1612. «Вставайте, люди русские!» - страница 3
Оставалась осада, долгая, изнуряющая осаждающих не менее, чем осажденных.
Можно было, конечно, попытаться обойти несокрушимую твердыню стороной, но во-первых, тогда пришлось бы двинуть армию по осеннему бездорожью, рискуя потерять часть ее в русских болотах, а во-вторых, и это было куда важнее – нельзя же оставлять у себя за спиной такой опасный очаг сопротивления!
Воевода Смоленска, казалось, предусмотрел все!
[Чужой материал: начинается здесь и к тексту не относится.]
lemma unitary_diag_col_eigenvector:
  assumes U: "unitary n U" and A: "A = U * rdiag n d * adj U" and i: "i < n"
  shows "A *\<^sub>v col U i = complex_of_real (d i) \<cdot>\<^sub>v col U i"
proof -
  note u = unitaryD[OF U]
  have "A *\<^sub>v col U i = col (A * U) i"
    unfolding A using u i by (subst col_mult2[of _ n n _ n]) auto
  also have "A * U = U * rdiag n d"
    unfolding A using u by (simp add: square_mult_simps[where n=n])
  also have "col \<dots> i = complex_of_real (d i) \<cdot>\<^sub>v col U i"
    using u i by (intro eq_vecI) (auto simp: rdiag_mult_right[of U n n] mult.commute)
  finally show ?thesis .
qed

lemma supp_unitary_diag_coord:
  assumes V: "unitary n V" and \<sigma>: "\<sigma> = V * rdiag n q * adj V"
    and x: "x \<in> supp n \<sigma>" and j: "j < n" "q j = 0"
  shows "(adj V *\<^sub>v x) $ j = 0"
proof -
  note v = unitaryD[OF V]
  have \<sigma>c: "\<sigma> \<in> carrier_mat n n"
    unfolding \<sigma> using v by auto
  have V\<sigma>: "adj V * \<sigma> = rdiag n q * adj V"
    unfolding \<sigma> using v by (simp add: square_mult_simps[where n=n] unitary_cancel[OF V])
  have eigen_coord: "(adj V *\<^sub>v w) $ j = 0"
    if w: "w \<in> carrier_vec n" "c \<noteq> 0" "\<sigma> *\<^sub>v w = c \<cdot>\<^sub>v w" for w c
  proof -
    have "c * (adj V *\<^sub>v w) $ j = (adj V *\<^sub>v (\<sigma> *\<^sub>v w)) $ j"
      using w v j by (simp add: mult_mat_vec[of _ n n])
    also have "\<dots> = ((rdiag n q * adj V) *\<^sub>v w) $ j"
      unfolding V\<sigma>[symmetric] using w v \<sigma>c by (subst assoc_mult_mat_vec[of _ n n _ n]) auto
    also have "\<dots> = 0"
      using w v j by (simp add: rdiag_mult_left[of _ n n] scalar_prod_def)
    finally show ?thesis
      using w by simp
  qed
  have "foldr (+) vs (0\<^sub>v n) \<in> carrier_vec n \<and> (adj V *\<^sub>v foldr (+) vs (0\<^sub>v n)) $ j = 0"
    if "\<forall>w \<in> set vs. w \<in> carrier_vec n \<and> (\<exists>c. c \<noteq> 0 \<and> \<sigma> *\<^sub>v w = c \<cdot>\<^sub>v w)" for vs
    using that
  proof (induction vs)
    case Nil
    then show ?case
      using v j by auto
  next
    case (Cons w vs)
    then show ?case
      using v j eigen_coord by (auto simp: mult_add_distrib_mat_vec[of _ n n])
  qed
  then show ?thesis
    using x unfolding supp_def by auto
qed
В крепости были заранее вырыты дополнительные колодцы, запасено много еды, со всего уезда собрано полторы тысячи «даточных людей», неплохо вооруженных и составивших хорошую помощь четырехтысячному гарнизону.
Поляков было в несколько раз больше, но легче от этого не становилось. Во время штурмов, дерзких вылазок осажденных, во время ответных ударов смоленских пушек – осаждающие гибли сотнями. Наступившая зима была сурова, и вставших таборами[7] вокруг города завоевателей охватило уныние.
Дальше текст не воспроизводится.